サラリーマンをやっていても身の回りにスタートアップのアイデアはあるかもしれません。もしあなたが今やっている仕事が非常に特殊な、あるいは閉鎖的な領域で、そこに特有の商習慣や過去のしがらみなどで非効率なことになっているのを身を持って体験している立場にあるのなら、それは非常に大きなビジネスチャンスです。誰にでも見える問題であればそれだけ解決しようとする人もたくさんいますが、その問題があまり知られていないものなのであれば、それをよく知っている立場にいるあなたは非常に有利な立場にあることになります。その問題が解決困難であればあるほど、またあなたが問題の根幹を深く理解していればいるほど有利です。

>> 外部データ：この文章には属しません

(* Let $(X,T,Y)$ be a random triple as described in the context, let $\psi$ be a score variable satisfying Assumption 1, and let $\mathcal G=\{g_\theta:\theta\in\Theta\}$ be a parametrized class of utility functions. Suppose the policy class is correctly specified for the surrogate loss, in the sense that $$\mathcal G\cap\Big(\operatorname*{argmin}_{g\ \text{unconstrained}}\mathbb E\big[|\psi|\, l(g(X),\operatorname{sign}(\psi))\big]\Big)\neq\varnothing,$$ where the argmin ranges over all measurable functions $g:\mathcal X\to\mathbb R$. Then every minimizer of the surrogate-loss risk is an optimal policy: for all $\theta^*\in\operatorname*{argmin}_{\theta\in\Theta}L(\theta)$, $$J(\theta^* )=\max_{\pi\ \text{unconstrained}}J(\pi),$$ where the maximum ranges over all measurable policies $\pi:\mathcal X\to\{-1,+1\}$.
   Context: $X$ is a context taking values in a space $\mathcal X$, $T\in\{-1,1\}$ is a treatment, $Y\in\mathbb R$ is an outcome, and $Y(-1),Y(1)$ are potential outcomes with $Y=Y(T)$ and $Y(t)\perp T\mid X$ for each $t$. A score variable $\psi$ is a real-valued random variable depending on observables. Assumption 1: $\mathbb E[\psi\mid X]=\mathbb E[Y(1)-Y(-1)\mid X]$ almost surely and $\mathbb E[|\psi|]<\infty$. For a policy $\pi:\mathcal X\to\{-1,+1\}$, $J(\pi)=\mathbb E[\pi(X)(Y(1)-Y(-1))]$. $\Theta\subseteq\mathbb R^d$, each $g_\theta:\mathcal X\to\mathbb R$ is measurable, and $J(\theta)=J(\operatorname{sign}(g_\theta(\cdot)))=\mathbb E[\operatorname{sign}(g_\theta(X))(Y(1)-Y(-1))]$. The surrogate (logistic) loss is $l(g,s)=2\log(1+\exp(g))-(s+1)g$ for $g\in\mathbb R$, $s\in\{-1,1\}$, and the population surrogate risk is $L(\theta)=\mathbb E[|\psi|\, l(g_\theta(X),\operatorname{sign}(\psi))]$. *)

theory Defs
  imports "HOL-Probability.Probability"
begin
lemma image_subset_span_basis_complement: "f ` U \<subseteq> span (f ` (B - A))"
proof
  fix z assume "z \<in> f ` U"
  then obtain x where x: "x \<in> U" "z = f x" by blast
  then obtain k where k: "x = (\<Sum>b\<in>B. k b *s b)" using B(5) span_finite[OF B(4)] by blast
  have "f x = (\<Sum>b\<in>B. k b *s f b)"
    unfolding k using linear_on_lincomb[OF B(4,2)] .
  also have "\<dots> = (\<Sum>b\<in>B - A. k b *s f b)"
    using A(1) B(4) by (intro sum.mono_neutral_right) auto
  also have "\<dots> \<in> span (f ` (B - A))"
    by (intro span_sum span_scale span_base) auto
  finally show "z \<in> span (f ` (B - A))" using x by simp
qed

lemma dim_image_eq_card_basis_complement: "dim (f ` U) = card (B - A)"
  using dim_unique[OF _ image_subset_span_basis_complement independent_image_basis_complement]
    card_image[OF inj_on_basis_complement] B(2) by auto

end

lemma rank_nullity:
  assumes fin: "U \<subseteq> span A0" "finite A0"
  shows "dim U = dim {x \<in> U. f x = 0} + dim (f ` U)"
proof -
  let ?K = "{x \<in> U. f x = 0}"
  obtain A where A: "A \<subseteq> ?K" "independent A" "?K \<subseteq> span A" "card A = dim ?K" "finite A"
    using finite_basis_exists[of ?K A0] fin by blast
  obtain B where B: "A \<subseteq> B" "B \<subseteq> U" "independent B" "U \<subseteq> span B"
    using maximal_independent_subset_extend[of A U] A(1,2) by blast
  have fB: "finite B" using independent_span_bound[OF fin(2) B(3)] B(2) fin(1) by auto
  show ?thesis
    using dim_image_eq_card_basis_complement[OF A(1,3,5) B(1-3) fB B(4)] basis_card_eq_dim[OF B(2,4,3)]
      A(4) card_Diff_subset[OF A(5) B(1)] card_mono[OF fB B(1)]
    by simp
qed

end

end

lemma mem_chains_nth: "s \<in> chains P n \<longleftrightarrow> length s = Suc n \<and> (\<forall>i<Suc n. s ! i \<in> P)
   \<and> (\<forall>i j. i < j \<longrightarrow> j < Suc n \<longrightarrow> s ! j \<le> s ! i)"
  unfolding chains_def sorted_wrt_iff_nth_less by (fastforce simp: subset_iff in_set_conv_nth)
text \<open>Compactness of the closure of the range of h turns the separation of each point far from
  the cluster point k into a single member of M on which h stays close to k.\<close>

lemma antisymmetric_zf_concentrates:
  assumes P: "\<forall>q\<in>P. seminorm_on sc q" and "p \<in> P" and H: "Hausdorff_space (lc_topology P)"
    and cpt: "compactin (lc_topology P) (lc_topology P closure_of range h)"
    and sep: "beta_separates sc P A v h" and anti: "antisymmetric_zf A v M" and "\<epsilon> > 0"
  obtains k F where "F \<in> M" and "\<And>x. x \<in> F \<inter> supp v \<Longrightarrow> p (h x - k) < \<epsilon>"
proof -
  let ?X = "lc_topology P" and ?K = "lc_topology P closure_of range h"
  interpret seminormed sc p
    using P \<open>p \<in> P\<close> by unfold_locales blast
  have M: "z_filter M" and "\<And>F. F \<in> M \<Longrightarrow> F \<inter> supp v \<noteq> {}"
    using anti unfolding antisymmetric_zf_def by blast+
  then obtain k where k: "\<And>F. F \<in> M \<Longrightarrow> k \<in> ?X closure_of (h ` (F \<inter> supp v))"
    using compactin_closure_of_filter_cluster_point[OF cpt] by (metis top_greatest topspace_lc_topology)
  define C where "C = ?K \<inter> {w. \<epsilon> \<le> p (w - k)}"
  have "closedin ?X {w. \<epsilon> \<le> p (w - k)}"
    using closedin_continuous_map_preimage[OF continuous_map_seminorm[OF \<open>p \<in> P\<close>], of "{\<epsilon>..}"] by simp
  then have "closedin ?X C"
    unfolding C_def by (intro closedin_Int closedin_closure_of)
  then have "compactin ?X C"
    using closed_compactin[OF cpt] unfolding C_def by blast
  define \<U> where "\<U> = {U. openin ?X U \<and> (\<exists>F\<in>M. \<forall>x\<in>F \<inter> supp v. h x \<notin> U)}"
  have "C \<subseteq> \<Union>\<U>"
  proof
    fix z assume "z \<in> C"
    then have "z \<noteq> k"
      using \<open>\<epsilon> > 0\<close> unfolding C_def by auto
    then obtain U F where "openin ?X U" "z \<in> U" "F \<in> M" "\<And>x. x \<in> F \<inter> supp v \<Longrightarrow> h x \<notin> U"
      using beta_separates_cluster_point[OF P H sep anti k] by metis
    then show "z \<in> \<Union>\<U>"
      unfolding \<U>_def by blast
  qed
  moreover have "\<forall>U\<in>\<U>. openin ?X U"
    unfolding \<U>_def by blast
  ultimately obtain \<V> where "finite \<V>" "\<V> \<subseteq> \<U>" "C \<subseteq> \<Union>\<V>"
    using \<open>compactin ?X C\<close> unfolding compactin_def by meson
  then have "\<forall>U\<in>\<V>. \<exists>F. F \<in> M \<and> (\<forall>x\<in>F \<inter> supp v. h x \<notin> U)"
    unfolding \<U>_def by blast
  then obtain FU where FU: "\<And>U. U \<in> \<V> \<Longrightarrow> FU U \<in> M \<and> (\<forall>x\<in>FU U \<inter> supp v. h x \<notin> U)"
    by metis
  show ?thesis
  proof
    show "\<Inter>(FU ` \<V>) \<in> M"
      using FU \<open>finite \<V>\<close> by (intro z_filter_Inter[OF M]) auto
    fix x assume x: "x \<in> \<Inter>(FU ` \<V>) \<inter> supp v"
    show "p (h x - k) < \<epsilon>"
    proof (rule ccontr)
      assume "\<not> p (h x - k) < \<epsilon>"
      then have "h x \<in> C"
        unfolding C_def using closure_of_subset[of "range h" ?X] by auto
      then obtain U where "U \<in> \<V>" "h x \<in> U"
        using \<open>C \<subseteq> \<Union>\<V>\<close> by blast
      with x FU show False
        by blast
    qed
  qed
qed

end

section \<open>Maximal z-filters keeping f away from W\<close>

text \<open>dist_ge_on v p f W d F expresses d \<le> d_{v,p,F}(f, W), the distance of f from W
  measured on F only.\<close>

definition dist_ge_on :: "('a \<Rightarrow> real) \<Rightarrow> ('x::ab_group_add \<Rightarrow> real) \<Rightarrow> ('a \<Rightarrow> 'x) \<Rightarrow> ('a \<Rightarrow> 'x) set \<Rightarrow>
    real \<Rightarrow> 'a set \<Rightarrow> bool" where
  "dist_ge_on v p f W d F \<longleftrightarrow> (\<forall>r<d. \<forall>g\<in>W. \<exists>x\<in>F. r < v x * p (f x - g x))"

definition distant_z_filter :: "('a::topological_space \<Rightarrow> real) \<Rightarrow> ('x::ab_group_add \<Rightarrow> real) \<Rightarrow>
    ('a \<Rightarrow> 'x) \<Rightarrow> ('a \<Rightarrow> 'x) set \<Rightarrow> real \<Rightarrow> 'a set set \<Rightarrow> bool" where
  "distant_z_filter v p f W d M \<longleftrightarrow> z_filter M \<and> (\<forall>F\<in>M. dist_ge_on v p f W d F)"

lemma maximal_distant_z_filter_exists:
  assumes "dist_ge_on v p f W d UNIV"
  obtains M where "distant_z_filter v p f W d M"
    and "\<And>M'. distant_z_filter v p f W d M' \<Longrightarrow> M \<subseteq> M' \<Longrightarrow> M' = M"
proof -
  have "{UNIV} \<in> {M. distant_z_filter v p f W d M}"
    using assms z_filter_singleton_UNIV unfolding distant_z_filter_def by simp
  moreover have "\<Union>\<C> \<in> {M. distant_z_filter v p f W d M}"
    if "\<C> \<noteq> {}" and chain: "subset.chain {M. distant_z_filter v p f W d M} \<C>" for \<C>
  proof -
    have "subset.chain {M. z_filter M} \<C>"
      using chain unfolding subset_chain_def distant_z_filter_def by blast
    then have "z_filter (\<Union>\<C>)"
      using z_filter_Union_chain \<open>\<C> \<noteq> {}\<close> by blast
    moreover have "dist_ge_on v p f W d F" if "F \<in> \<Union>\<C>" for F
      using that chain unfolding subset_chain_def distant_z_filter_def by blast
    ultimately show ?thesis
      unfolding distant_z_filter_def by blast
  qed
  ultimately show ?thesis
    using that subset_Zorn_nonempty[of "{M. distant_z_filter v p f W d M}"] by (metis empty_iff mem_Collect_eq)
qed
(* Let $\gamma>0$ and $\varepsilon>0$. In the setting below, the algorithm PrivTree$(D,\lambda,\theta,\delta)$ with any $\theta\in\mathbb{R}$, with $\lambda\ge \frac{2e^{\gamma}-1}{e^{\gamma}-1}\cdot\frac{1}{\varepsilon}$ and $\delta=\gamma\lambda$, satisfies $\varepsilon$-differential privacy (with respect to its output tree, which contains no counts).
   Context: $\mathrm{Lap}(\lambda)$ is the Laplace distribution with density $\frac{1}{2\lambda}e^{-|y|/\lambda}$. Setting: $\Omega$ is a domain and there is a fixed, data-independent hierarchical splitting scheme of fanout $\beta\ge 2$: an infinite rooted tree of candidate nodes in which every node $v$ has exactly $\beta$ children, each node $v$ carries a sub-domain $\mathrm{dom}(v)\subseteq\Omega$, the root $v_1$ has $\mathrm{dom}(v_1)=\Omega$, and the sub-domains of the $\beta$ children of $v$ partition $\mathrm{dom}(v)$. $\mathrm{depth}(v)$ is the hop distance from $v$ to the root. A dataset $D$ is a finite multiset of points of $\Omega$; $c(v)$ is the number of points of $D$ lying in $\mathrm{dom}(v)$. PrivTree$(D,\lambda,\theta,\delta)$ (with $\lambda>0$, $\theta\in\mathbb{R}$, $\delta>0$): start with the tree consisting only of the root, marked unvisited. While some node $v$ is unvisited: mark $v$ visited; set $b(v)=\max\{\theta-\delta,\ c(v)-\mathrm{depth}(v)\cdot\delta\}$; set $\hat b(v)=b(v)+\eta_v$ where $\eta_v\sim\mathrm{Lap}(\lambda)$ is drawn freshly and independently; if $\hat b(v)>\theta$, add all $\beta$ children of $v$ to the tree as unvisited nodes. The output is the resulting tree (its set of nodes with their sub-domains), with all counts $c,b,\hat b$ removed. Two datasets are neighboring if one is obtained from the other by inserting one point. An algorithm $\mathcal{A}$ is $\varepsilon$-differentially private if for all neighboring $D,D'$ and every possible output $O$, $\ln\big(\Pr[\mathcal{A}(D)=O]/\Pr[\mathcal{A}(D')=O]\big)\le\varepsilon$. *)

theory Defs
  imports "HOL-Probability.Probability" "HOL-Library.Multiset"
begin

text \<open>Candidate nodes of the infinite beta-ary tree are lists of child indices
  (the root is the empty list; the i-th child of v is v @ [i], i < beta).
  depth v = length v.\<close>

definition splitting_scheme :: "'a set \<Rightarrow> nat \<Rightarrow> (nat list \<Rightarrow> 'a set) \<Rightarrow> bool" where
  "splitting_scheme \<Omega> \<beta> sdom \<longleftrightarrow> 2 \<le> \<beta> \<and> sdom [] = \<Omega> \<and>
     (\<forall>v. set v \<subseteq> {..<\<beta>} \<longrightarrow>
        (\<Union>i<\<beta>. sdom (v @ [i])) = sdom v \<and> disjoint_family_on (\<lambda>i. sdom (v @ [i])) {..<\<beta>})"
section \<open>The principal filter of a vertex\<close>

locale rooted_directed_median = directed_median +
  fixes v :: 'a
  assumes root: "v \<in> V"
begin

abbreviation F :: "'a set" where "F \<equiv> principal_filter V D v"

lemma mem_filter_iff: "x \<in> F \<longleftrightarrow> x \<in> V \<and> D\<^sup>*\<^sup>* v x"
  unfolding principal_filter_def dir_le_def by simp

lemma root_in_filter: "v \<in> F"
  using root mem_filter_iff by simp

definition oriented_away :: "'a \<Rightarrow> bool" where
  "oriented_away x \<longleftrightarrow> (\<forall>a b. Adj a b \<longrightarrow> v \<in> halfspace a b \<longrightarrow> x \<in> halfspace b a \<longrightarrow> D a b)"

lemma oriented_away_D:
  "oriented_away x \<Longrightarrow> Adj a b \<Longrightarrow> v \<in> halfspace a b \<Longrightarrow> x \<in> halfspace b a \<Longrightarrow> D a b"
  unfolding oriented_away_def by blast

lemma oriented_away_step:
  assumes "oriented_away y" "D y z"
  shows "oriented_away z"
  unfolding oriented_away_def
proof (intro allI impI)
  fix a b assume ab: "Adj a b" "v \<in> halfspace a b" "z \<in> halfspace b a"
  have yz: "Adj y z" "y \<in> V" using assms(2) D_adj adj_in_V by blast+
  show "D a b"
  proof (cases "y \<in> halfspace b a")
    case True
    then show ?thesis using assms(1) ab oriented_away_D by blast
  next
    case False
    then have "y \<in> halfspace a b" using halfspace_cases ab(1) yz(2) by blast
    then show ?thesis using D_iff_if_separated[OF ab(1) yz(1)] ab(3) assms(2) by blast
  qed
qed
lemma mult_pprt_le_scaleR_pprt:
  assumes d: "0 \<le> d" and v: "0 \<le> v" and t: "0 \<le> t"
  shows "v * lgroup.pprt (t *\<^sub>R d - v * d) \<le> t *\<^sub>R lgroup.pprt (t *\<^sub>R d - v * (d::'a))"
proof -
  define p where "p = lgroup.pprt (t *\<^sub>R d - v * d)"
  have "d * (v * p - t *\<^sub>R p) = - (p * (t *\<^sub>R d - v * d))"
    by (simp add: algebra_simps f_mult_commute f_mult_left_commute)
  also have "\<dots> = - (p * p)"
    by (simp add: p_def f_pprt_mult_self)
  finally have "d * (v * p - t *\<^sub>R p) \<le> 0"
    using f_square_nonneg[of p] by simp
  moreover have "lgroup.pprt (v * p - t *\<^sub>R p) \<le> t *\<^sub>R (v * d)"
  proof -
    have "0 \<le> p" by (simp add: p_def)
    then have "lgroup.pprt (v * p - t *\<^sub>R p) \<le> v * p"
      using v t by (intro pprt_diff_le f_mult_nonneg scaleR_nonneg_nonneg)
    also have "v * p \<le> v * (t *\<^sub>R d)"
      unfolding p_def using d v t
      by (intro f_mult_left_mono pprt_diff_le f_mult_nonneg scaleR_nonneg_nonneg)
    finally show ?thesis by simp
  qed
  ultimately have "v * p - t *\<^sub>R p \<le> 0"
    using nonpos_if_mult_nonpos_dominated[OF semiprime d _ v t] by blast
  then show ?thesis by (simp add: p_def)
qed

lemma mult_le_scaleR_if_le:
  assumes e: "0 \<le> e" "e \<le> p" and v: "0 \<le> v" and t: "0 \<le> t" and vp: "v * p \<le> t *\<^sub>R (p::'a)"
  shows "v * e \<le> t *\<^sub>R e"
proof -
  have p: "0 \<le> p" using e by (rule order_trans)
  have "p * (v * e - t *\<^sub>R e) = e * (v * p - t *\<^sub>R p)"
    by (simp add: algebra_simps f_mult_commute f_mult_left_commute)
  also have "\<dots> \<le> 0"
    using f_mult_left_mono[of "v * p - t *\<^sub>R p" 0 e] vp e(1) by simp
  finally have "p * (v * e - t *\<^sub>R e) \<le> 0" .
  moreover have "lgroup.pprt (v * e - t *\<^sub>R e) \<le> 1 *\<^sub>R (v * p)"
    using pprt_diff_le[of "v * e" "t *\<^sub>R e"] f_mult_left_mono[OF e(2) v]
      f_mult_nonneg[OF v e(1)] scaleR_nonneg_nonneg[OF t e(1)]
    by simp
  ultimately have "v * e - t *\<^sub>R e \<le> 0"
    by (rule nonpos_if_mult_nonpos_dominated[OF semiprime p _ v zero_le_one])
  then show ?thesis by simp
qed

lemma pprt_scaleR_diff_mult_le:
  assumes d: "0 \<le> d" and v: "0 \<le> v" and r: "0 \<le> r" and drv: "d \<le> r + v * r" and t: "0 \<le> t"
  shows "lgroup.pprt (t *\<^sub>R d - v * d) \<le> (t * (t + 1)) *\<^sub>R (r::'a)"
proof -
  define p where "p = lgroup.pprt (t *\<^sub>R d - v * d)"
  define C where "C = t * (t + 1)"
  define e where "e = lgroup.pprt (p - C *\<^sub>R r)"
  have p: "0 \<le> p" "v * p \<le> t *\<^sub>R p" "p \<le> t *\<^sub>R d"
    unfolding p_def using d v t
    by (simp_all add: mult_pprt_le_scaleR_pprt pprt_diff_le f_mult_nonneg scaleR_nonneg_nonneg)
  have e: "0 \<le> e" "e \<le> p"
    unfolding e_def using p(1) r t by (simp_all add: C_def pprt_diff_le scaleR_nonneg_nonneg)
  have "e * d \<le> e * r + (v * e) * r"
    using f_mult_left_mono[OF drv e(1)] by (simp add: distrib_left f_mult_left_commute mult.assoc)
  also have "\<dots> \<le> e * r + t *\<^sub>R (e * r)"
    using f_mult_right_mono[OF mult_le_scaleR_if_le[OF e v t p(2)] r] by simp
  finally have ed: "e * d \<le> e * r + t *\<^sub>R (e * r)" .
  have "e * p \<le> t *\<^sub>R (e * d)"
    using f_mult_left_mono[OF p(3) e(1)] by simp
  also have "\<dots> \<le> t *\<^sub>R (e * r + t *\<^sub>R (e * r))"
    using ed t by (rule scaleR_left_mono)
  also have "\<dots> = C *\<^sub>R (e * r)"
    by (simp add: C_def algebra_simps)
  finally have "e * p \<le> C *\<^sub>R (e * r)" .
  moreover have "e * e = e * p - C *\<^sub>R (e * r)"
    using f_pprt_mult_self[of "p - C *\<^sub>R r"] by (simp add: e_def algebra_simps)
  ultimately have "e = 0"
    by (simp add: square_le_0_imp_eq_0[OF semiprime])
  then show ?thesis
    by (simp add: e_def p_def C_def lgroup.le_zero_iff_zero_pprt[symmetric])
qed

lemma eq_0_if_le_mult_annihilated:
  assumes c: "0 \<le> c" and "c \<le> u * s" and "(c * c) * s = (0::'a)"
  shows "c = 0"
proof -
  have cc: "0 \<le> c * c" by (rule f_square_nonneg)
  have "c * (c * c) = (c * c) * c" by (simp add: mult.assoc)
  also have "\<dots> \<le> (c * c) * (u * s)" using assms(2) cc by (rule f_mult_left_mono)
  also have "\<dots> = u * ((c * c) * s)" by (simp add: f_mult_commute f_mult_left_commute mult.assoc)
  finally have "c * (c * c) \<le> 0" using assms(3) by simp
  then have "c * (c * c) = 0" using f_mult_nonneg[OF c cc] by (rule antisym)
  then show ?thesis by (rule cube_eq_0_imp_eq_0[OF semiprime])
qed

lemma twice_mult_le_if_add_square_mult_le:
  assumes w: "0 \<le> w" and q: "0 \<le> q" and le: "q + (w * w) * q \<le> (w::'a)"
  shows "2 *\<^sub>R (w * q) \<le> w"
proof -
  define D where "D = q + (w * w) * q - 2 *\<^sub>R (w * q)"
  define c where "c = - lgroup.nprt D"
  have c: "0 \<le> c" by (simp add: c_def)
  \<comment> \<open>\<open>D * q\<close> is a square, so the negative part \<open>c\<close> of \<open>D\<close> satisfies \<open>c * c * q = 0\<close>\<close>
  have "(w * w * q) * q = (w * q) * (w * q)" "q * (w * q) = (w * q) * q"
    by (simp_all add: mult.assoc f_mult_left_commute)
  then have "D * q = (q - w * q) * (q - w * q)"
    by (simp add: D_def algebra_simps scaleR_2)
  then have "0 \<le> c * (D * q)" using c by (simp add: f_mult_nonneg f_square_nonneg)
  also have "c * (D * q) = - ((c * c) * q)"
    by (simp add: c_def f_nprt_mult_self flip: mult.assoc)
  finally have ccq: "(c * c) * q = 0"
    using f_mult_nonneg[OF f_square_nonneg q, of c] by simp
  have "c \<le> (2 *\<^sub>R w) * q"
  proof -
    have "- q \<le> (w * w) * q"
      using q f_mult_nonneg[OF f_square_nonneg q, of w] by (meson neg_le_0_iff_le order_trans)
    then show ?thesis
      unfolding c_def lgroup.nprt_def lgroup.neg_inf_eq_sup D_def
      using w q by (simp add: f_mult_nonneg scaleR_nonneg_nonneg)
  qed
  then have "c = 0" using ccq by (rule eq_0_if_le_mult_annihilated[OF c])
  then have "0 \<le> D" by (simp add: c_def lgroup.zero_le_iff_zero_nprt)
  then show ?thesis using le by (simp add: D_def)
qed

lemma square_le_self_if_add_square_mult_le:
  assumes w: "0 \<le> w" and q: "0 \<le> q" and le: "q + (w * w) * q \<le> (w::'a)"
  shows "q * q \<le> q"
proof -
  have wq: "2 *\<^sub>R (w * q) \<le> w" using w q le by (rule twice_mult_le_if_add_square_mult_le)
  have q_le_w: "q \<le> w" using le f_mult_nonneg[OF f_square_nonneg q, of w]
    by (meson add_increasing2 order_refl order_trans)
  define e where "e = lgroup.pprt (q * q - q)"
  have e: "0 \<le> e" by (simp add: e_def)
  have eqq: "e * (q * q) = e * q + e * e"
    using f_pprt_mult_self[of "q * q - q"] by (simp add: e_def algebra_simps)
  have eq: "0 \<le> e * q" using e q by (rule f_mult_nonneg)
  have "2 *\<^sub>R (w * (e * q) + w * (e * e)) = 2 *\<^sub>R (w * (e * (q * q)))"
    by (simp only: eqq distrib_left)
  also have "\<dots> = (e * q) * (2 *\<^sub>R (w * q))"
    by (simp add: f_mult_commute f_mult_left_commute mult.assoc)
  also have "\<dots> \<le> (e * q) * w" using wq eq by (rule f_mult_left_mono)
  also have "\<dots> = w * (e * q)" by (rule f_mult_commute)
  finally have "w * (e * q) + 2 *\<^sub>R (w * (e * e)) \<le> 0"
    by (simp add: scaleR_2 algebra_simps)
  moreover have nonneg: "0 \<le> w * (e * q)" "0 \<le> 2 *\<^sub>R (w * (e * e))"
    using w eq f_mult_nonneg[OF w f_square_nonneg[of e]]
    by (simp_all add: f_mult_nonneg scaleR_nonneg_nonneg)
  ultimately have "w * (e * q) + 2 *\<^sub>R (w * (e * e)) = 0"
    by (meson add_nonneg_nonneg antisym)
  then have "2 *\<^sub>R (w * (e * e)) = 0"
    using add_nonneg_eq_0_iff[OF nonneg] by blast
  then have ee: "(e * e) * w = 0"
    by (simp add: f_mult_commute[of _ w])
  have "e \<le> q * q"
    unfolding e_def using q by (simp add: pprt_diff_le f_square_nonneg)
  also have "\<dots> \<le> q * w"
    using q_le_w q by (rule f_mult_left_mono)
  finally have "e = 0"
    using ee by (rule eq_0_if_le_mult_annihilated[OF e])
  then show ?thesis
    using lgroup.le_zero_iff_zero_pprt[of "q * q - q"] by (simp add: e_def)
qed

context
  assumes dedekind_complete: "dedekind_complete_on (UNIV :: 'a set)"
begin

lemma add_mult_le_if_least_upper_bound:
  assumes v: "0 \<le> v"
    and ub: "\<And>z. 0 \<le> z \<Longrightarrow> z + v * z \<le> y \<Longrightarrow> z \<le> q"
    and least: "\<And>u. (\<And>z. 0 \<le> z \<Longrightarrow> z + v * z \<le> y \<Longrightarrow> z \<le> u) \<Longrightarrow> q \<le> u"
  shows "q + v * q \<le> (y::'a)"
proof -
  define d where "d = lgroup.pprt (q + v * q - y)"
  have d: "0 \<le> d" by (simp add: d_def)
  have d_le: "d \<le> (q - z) + v * (q - z)" if "0 \<le> z" "z + v * z \<le> y" for z
  proof -
    have "0 \<le> (q - z) + v * (q - z)"
      using ub[OF that] v by (simp add: f_mult_nonneg)
    moreover have "q + v * q - y \<le> (q - z) + v * (q - z)"
      using that(2) by (simp add: algebra_simps)
    ultimately show ?thesis
      by (simp add: d_def lgroup.pprt_def)
  qed
  have "real n *\<^sub>R d \<le> v * d" for n
  proof -
    define p where "p = lgroup.pprt (real n *\<^sub>R d - v * d)"
    define C where "C = real n * (real n + 1) + 1" \<comment> \<open>positive also for \<open>n = 0\<close>\<close>
    have C: "0 < C" unfolding C_def by (intro add_nonneg_pos mult_nonneg_nonneg) simp_all
    have "z \<le> q - p /\<^sub>R C" if "0 \<le> z" "z + v * z \<le> y" for z
    proof -
      have qz: "0 \<le> q - z" using ub[OF that] by simp
      have "p \<le> (real n * (real n + 1)) *\<^sub>R (q - z)"
        unfolding p_def using d v qz d_le[OF that] by (rule pprt_scaleR_diff_mult_le) simp
      also have "\<dots> \<le> C *\<^sub>R (q - z)"
        using qz by (intro scaleR_right_mono) (simp_all add: C_def)
      finally have "p /\<^sub>R C \<le> q - z"
        using C by (simp add: pos_divideR_le_eq)
      then show ?thesis
        by (simp add: algebra_simps)
    qed
    then have "q \<le> q - p /\<^sub>R C" by (rule least)
    then have "p \<le> 0"
      using C by (simp add: pos_divideR_le_eq)
    then show ?thesis
      by (simp add: p_def pprt_le_0_iff)
  qed
  then have "d = 0"
    by (rule archimedean_eq_0[OF d])
  then have "lgroup.pprt (q + v * q - y) \<le> 0"
    by (simp add: d_def)
  then show ?thesis
    by (simp add: pprt_le_0_iff)
qed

投資家が起業家によくする質問の一つに「What is your secret sauce?」というのがあります。すなわち、あなたしか知らない隠された秘密は何なのかが知りたいのです。目の前にあなたにしか解決できない問題がある、そしてそこに大きな市場があるのであれば投資家は飛びついてきます。

なぜ今なのか?

スタートアップは タイミングが重要です。どんなにいいアイデアでも、タイミングが早すぎたり遅すぎたりすればうまくいきません。タイミングが遅すぎるのはちょっと市場や競合を調べればわかることが多いですが、タイミングが早すぎるかどうかは経験豊富な投資家でも見極めるのは困難です。投資家と話をするとほぼ間違いなく「なぜ今なのか」という質問はされるので、少なくともこの質問に答えられる準備はしておきましょう。

「なぜ今か」というのはテクノロジーの変化点であったり、何かが一定数以上普及したタイミングであったり、あるいは法律や規制が変わるなどのきっかけがあったり、さまざまな理由がありえます。ただ、もしあなたがこの質問に対して明確な答えを用意できないのであれば、一度アイデアそのものを考え直してみるのもいいかもしれません。あなたが今持っているアイデアが、なぜ過去に実現されることがなかったのか、あるいは今から数年以内に何が起こればそのアイデアが現実的になるのか、その仮説はどうすれば検証可能なのか、こうした問いに答えられるようになることで事業の進むべき方向が定まります。仮にうまくいかなった時にもどんな仮説が間違っていたのかがわかるので、方向転換もしやすくなるでしょう。

最後に

最後に、アイデアそのものには価値はないとよく言われるのはその通りだと思います。スタートアップはアイデアコンテストではありません。事業の成否を左右するのはアイデアの良し悪しよりも、それを形にする行動力です。逆に言えば、行動力さえあればアイデアはどんなものでもいいのです。起業した時のアイデアがそのまま大きな成功につながったケースというのは、実はそれほど多くはありません。多かれ少なかれ、成功したビジネスは試行錯誤を重ねながらビジネスの形態を変えていっているのです。大事なのは始めること、そして走り続けることです。